Forum Kerukunan Umat Beragama (FKUB) Kota Surabaya menyelenggarakan pertemuan doa bersama yang melibatkan perwakilan dari enam agama resmi di Indonesia di Balai Kota Surabaya. Acara lintas agama ini menempatkan ikhtiar menjaga solidaritas dan mendoakan kedamaian kota sebagai agenda utama, sebagai respons terhadap dinamika sosial yang berkembang di masyarakat. Inisiatif ini hadir sebagai upaya kolektif untuk memperkuat fondasi hidup berdampingan di tengah keberagaman keyakinan, sebuah realitas sosial kota metropolitan yang perlu dijaga bersama.
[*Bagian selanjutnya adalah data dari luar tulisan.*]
lemma facet_supporting_hyperplanes_parallel:
  fixes P F :: "'a::euclidean_space set"
  assumes P: "convex P" "aff_dim P = DIM('a)" and F: "F facet_of P" "x \<in> rel_interior F"
    and u: "u \<noteq> 0" "\<forall>z\<in>P. b \<le> u \<bullet> z" "u \<bullet> x = b"
    and v: "\<forall>z\<in>P. c \<le> v \<bullet> z" "v \<bullet> x = c"
    and d: "u \<bullet> d = 0"
  shows "v \<bullet> d = 0"
proof (rule ccontr)
  assume vd: "v \<bullet> d \<noteq> 0"
  have face: "F face_of P" and dimF: "aff_dim F = aff_dim P - 1" using F(1) by (auto simp: facet_of_def)
  have Fu: "F \<subseteq> {z. u \<bullet> z = b}" and Fv: "F \<subseteq> {z. v \<bullet> z = c}"
    using face_subset_supporting_hyperplane[OF P(1) face F(2)] u(2,3) v by auto
  have xF: "x \<in> F" using F(2) rel_interior_subset by blast
  have hull: "affine hull F = {z. u \<bullet> z = b}"
  proof (rule affine_dim_equal)
    show "affine hull F \<subseteq> {z. u \<bullet> z = b}" using Fu affine_hyperplane by (rule hull_minimal)
    show "aff_dim (affine hull F) = aff_dim {z. u \<bullet> z = b}" using dimF P(2) u(1) by simp
  qed (use xF hull_subset affine_hyperplane in auto)
  obtain e where e: "0 < e" "ball x e \<inter> affine hull F \<subseteq> F"
    using F(2) mem_rel_interior_ball by blast
  define t where "t = e / (2 * norm d)"
  have "d \<noteq> 0" using vd by auto
  then have t: "0 < t" "norm (t *\<^sub>R d) < e" using e(1) by (auto simp: t_def)
  have "x + t *\<^sub>R d \<in> ball x e" using t(2) by (simp add: dist_norm)
  moreover have "x + t *\<^sub>R d \<in> affine hull F" unfolding hull using u(3) d by (simp add: inner_add_right)
  ultimately have "x + t *\<^sub>R d \<in> F" using e(2) by blast
  then have "v \<bullet> (x + t *\<^sub>R d) = c" using Fv by blast
  then show False using v(2) t(1) vd by (simp add: inner_add_right)
qed

locale pn_framing =
  fixes ix :: "nat \<Rightarrow> 'n::finite" and n :: nat and a :: "nat \<Rightarrow> int"
  assumes n_ge_4: "n \<ge> 4"
    and ix: "bij_betw ix {1..n} (UNIV :: 'n set)"
    and a_pos: "\<forall>i\<in>{1..n+1}. a i > 0"
    and a_mono: "\<forall>i\<in>{1..n}. a i \<le> a (i + 1)"
begin

definition idx :: "'n \<Rightarrow> nat" where "idx = inv_into {1..n} ix"

definition \<alpha> :: "nat \<Rightarrow> real" where "\<alpha> k = real_of_int (a k)"

definition \<sigma> :: real where "\<sigma> = (\<Sum>k=1..n+1. \<alpha> k)"

text \<open>Coordinates with respect to the ordering \<open>ix\<close>; the index \<open>n + 1\<close> is a dummy
  coordinate equal to \<open>0\<close>.\<close>

definition coord :: "real^'n \<Rightarrow> nat \<Rightarrow> real" where
  "coord x k = (if k \<in> {1..n} then x $ ix k else 0)"

definition wsum :: "real^'n \<Rightarrow> real" where
  "wsum x = (\<Sum>k=1..n. \<alpha> k * coord x k)"

lemma idx_ix [simp]: "k \<in> {1..n} \<Longrightarrow> idx (ix k) = k"
  using ix by (simp add: idx_def bij_betw_def inv_into_f_f)

lemma ix_idx [simp]: "ix (idx j) = j"
  using ix by (metis UNIV_I bij_betw_def f_inv_into_f idx_def)

lemma idx_in: "idx j \<in> {1..n}"
  using ix by (metis UNIV_I bij_betw_def inv_into_into idx_def)

lemma all_ix: "(\<forall>j. P j) \<longleftrightarrow> (\<forall>k\<in>{1..n}. P (ix k))"
  by (metis idx_in ix_idx)

lemma ix_eq_iff [simp]: "m \<in> {1..n} \<Longrightarrow> k \<in> {1..n} \<Longrightarrow> ix m = ix k \<longleftrightarrow> m = k"
  by (metis idx_ix)

lemma sum_UNIV_ix: "(\<Sum>j\<in>UNIV. g j) = (\<Sum>k=1..n. g (ix k))"
  using sum.reindex_bij_betw[OF ix, of g] by simp

lemma \<alpha>_pos: "k \<in> {1..n+1} \<Longrightarrow> 0 < \<alpha> k"
  using a_pos by (simp add: \<alpha>_def)

lemma \<alpha>_mono: "i \<in> {1..n+1} \<Longrightarrow> j \<le> n + 1 \<Longrightarrow> i \<le> j \<Longrightarrow> \<alpha> i \<le> \<alpha> j"
proof (induction j)
  case (Suc j)
  show ?case
  proof (cases "i = Suc j")
    case False
    then have "\<alpha> i \<le> \<alpha> j" using Suc by auto
    also have "\<alpha> j \<le> \<alpha> (Suc j)" using a_mono Suc False by (auto simp: \<alpha>_def)
    finally show ?thesis .
  qed simp
qed simp

lemma \<alpha>_int: "\<alpha> k \<in> \<int>"
  by (simp add: \<alpha>_def)

lemma \<sigma>_int: "\<sigma> \<in> \<int>"
  by (simp add: \<sigma>_def \<alpha>_int Ints_sum)

lemma exists_other_index: "i \<in> {1..n+1} \<Longrightarrow> \<exists>m\<in>{1..n}. m \<noteq> i"
  using n_ge_4 by (cases "i = 1") (auto intro: bexI[of _ 1] bexI[of _ 2])

lemma \<alpha>_less_\<sigma>: "k \<in> {1..n+1} \<Longrightarrow> \<alpha> k < \<sigma>"
proof -
  assume k: "k \<in> {1..n+1}"
  then obtain l where l: "l \<in> {1..n+1}" "l \<noteq> k" using exists_other_index by force
  have "\<alpha> k + \<alpha> l = sum \<alpha> {k, l}" using l by simp
  also have "\<dots> \<le> \<sigma>" unfolding \<sigma>_def
    using k l \<alpha>_pos by (intro sum_mono2) (auto intro: less_imp_le)
  finally show ?thesis using \<alpha>_pos[OF l(1)] by simp
qed

lemma \<sigma>_pos: "0 < \<sigma>"
  using \<alpha>_less_\<sigma>[of 1] \<alpha>_pos[of 1] by simp

lemma coord_eqI: "(\<And>k. k \<in> {1..n} \<Longrightarrow> coord x k = coord y k) \<Longrightarrow> x = y"
  by (metis coord_def idx_in ix_idx vec_eq_iff)

lemma coord_simps [simp]:
  "coord (x + y) k = coord x k + coord y k"
  "coord (x - y) k = coord x k - coord y k"
  "coord (c *\<^sub>R x) k = c * coord x k"
  "coord 0 k = 0"
  "coord x (n + 1) = 0"
  "coord x (Suc n) = 0"
  by (simp_all add: coord_def)

lemma coord_outside: "k \<notin> {1..n} \<Longrightarrow> coord x k = 0"
  unfolding coord_def by auto

lemma coord_axis: "m \<in> {1..n} \<Longrightarrow> coord (axis (ix m) c) k = (if k = m then c else 0)"
  by (auto simp: coord_def axis_def)

lemma coord_latt: "x \<in> latt \<Longrightarrow> coord x k \<in> \<int>"
  by (simp add: coord_def latt_def)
Menyulam Titik Temu Melalui Pesan Universal Agama-Agama

Dalam forum tersebut, perwakilan masing-masing agama menyampaikan pesan-pesan universal yang menjadi titik temu berbagai tradisi keyakinan. Pendekatan berimbang ini menegaskan bahwa ruang bersama dapat dibangun dengan merujuk pada nilai-nilai luhur yang diakui bersama, sambil tetap mengakui perbedaan cara dan ekspresi keagamaan masing-masing komunitas. Beberapa aspek utama yang dikemukakan dalam forum meliputi:

  • Masing-masing perwakilan agama mendapat kesempatan yang sama untuk menyuarakan aspirasi dan harapan bagi perdamaian kota.
  • Nilai-nilai universal seperti cinta kasih dan toleransi dikemukakan sebagai fondasi dialog, bukan sebagai alat untuk mengungguli satu keyakinan atas lainnya.
  • Forum berfungsi sebagai media untuk mengartikulasikan keprihatinan bersama terhadap dinamika sosial, sekaligus mencari solusi yang inklusif.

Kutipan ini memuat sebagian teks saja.